In a second experiment, we evaluated the coupling efficiency of the passive configuration. The same semi-large area PC antenna, external to the guiding structure, was coupled to the 10 cm length two-wire waveguide [passive configuration; Fig. 2(d)]. The THz pulse was measured after propagation through the waveguide, with the output of the waveguide focused on the first parabolic mirror of the detection scheme. We note that this configuration does not guarantee optimal coupling of the radiation emitted by the semi-large photoconductive antenna into the waveguide. To that end specific optimization strategies should be investigated, which elude the scope of this paper.

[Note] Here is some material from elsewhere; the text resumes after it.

(* Let $\mathcal{F}:\mathcal{T}^Y\to\mathcal{T}^Z$ be a cover between trees of spheres, let $T''$ be a nonempty, open and connected subset of $T^Z$, and let $T'$ be a connected component of $F^{-1}(T'')$. Then the map $\overline{\mathcal{F}}:\overline{T'}\to\overline{T''}$ defined by $\overline{F}:=F|_{\overline{T'}}:\overline{T'}\to\overline{T''}$ and $\overline{f}_v:=f_v$ for every internal vertex $v$ of $\overline{T'}$ is a cover between trees of spheres, where $\overline{T'}$ (resp. $\overline{T''}$) is regarded as a tree of spheres marked by its set of leaves, with the spheres $\mathcal{S}_v$ and attaching maps $i_v$ of $\mathcal{T}^Y$ (resp. $\mathcal{T}^Z$) at its internal vertices.
   Context: Trees are finite connected graphs without cycles (vertex set $V$, edges $2$-element subsets of $V$, $E_v$ the set of edges containing $v$), regarded as the set $V\sqcup E$ with the topology whose closed sets are the sub-graphs (subsets containing both endpoints of each of their edges); $\overline{A}$ denotes closure. Leaves are vertices of valence $1$, the others internal vertices ($IV$). For $T''$ and $T'$ as in the claim, $\overline{T'}$ is a sub-tree of $T^Y$ whose internal vertices are exactly the internal vertices of $T^Y$ lying in $T'$, each having the same set of incident edges as in $T^Y$ (similarly for $\overline{T''}$ in $T^Z$), so the attaching maps $i_v$ make sense. A tree of spheres $\mathcal{T}^X$ marked by a finite set $X$ ($\ge3$ elements) consists of a tree $T^X$ whose leaf set is $X$ and, for each internal vertex $v$, a topological $2$-sphere $\mathcal{S}_v$ and an injection $i_v:E_v\to\mathcal{S}_v$; $X_v:=i_v(E_v)$. A cover $\mathcal{F}:\mathcal{T}^Y\to\mathcal{T}^Z$ consists of a map $F:T^Y\to T^Z$ sending vertices to vertices and each edge $\{v,w\}$ to the edge $\{F(v),F(w)\}$, with $F(Y)\subseteq Z$, $F(IV^Y)\subseteq IV^Z$ (leaves to leaves, internal vertices to internal vertices), and for each $v\in IV^Y$, $w=F(v)$, a topological branched covering $f_v:\mathcal{S}_v\to\mathcal{S}_w$ such that $f_v:\mathcal{S}_v\setminus Y_v\to\mathcal{S}_w\setminus Z_w$ is a covering map, $f_v\circ i_v=i_w\circ F$ on $E_v$, and for an edge $e=\{v_1,v_2\}$ between internal vertices $\deg_{i_{v_1}(e)}f_{v_1}=\deg_{i_{v_2}(e)}f_{v_2}$. *)

theory Defs
  imports "HOL-Analysis.Analysis"
begin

Finally, in the third experiment, the mode coupling of the THz pulse from the 10 cm long two-wire transmitter in the active configuration [Fig. 2(e)] was recorded. The waveguides used for the second and the third had the same dimensions (for the sake of comparison). Note that we employed the same GaAs piece in all three experiments.
In order to pump the THz Kit we used a Ti:Sapphire mode locked laser (Mai-Tai, Spectra-Physics) with 125 fs pulse duration and 80 MHz repetition rate. Electro-optical sampling has been performed in a  ZnTe crystal of 2 mm thickness, in order to characterize the THz signal. The copper wires are connected to a modulator, consisting of a bipolar high voltage source able to supply 110 V at 11 kHz.
3.2 Comparison of energy throughputs
Figure 3(a) shows the reference THz waveform as emitted by the semi-large PC antenna [Fig. 2(c)], normalized to its peak. We note that here reflections occur both in the detection and in the generation side of our experiment, an issue that we are currently addressing. The measured power spectra of the semi-large PC antenna (blue curve) and of the signals obtained from both waveguide configurations, namely passive two-wire waveguide (green shaded) and TWT (red for a 10 cm long WG and black for a 20 cm long WG) are presented in Fig. 3(b).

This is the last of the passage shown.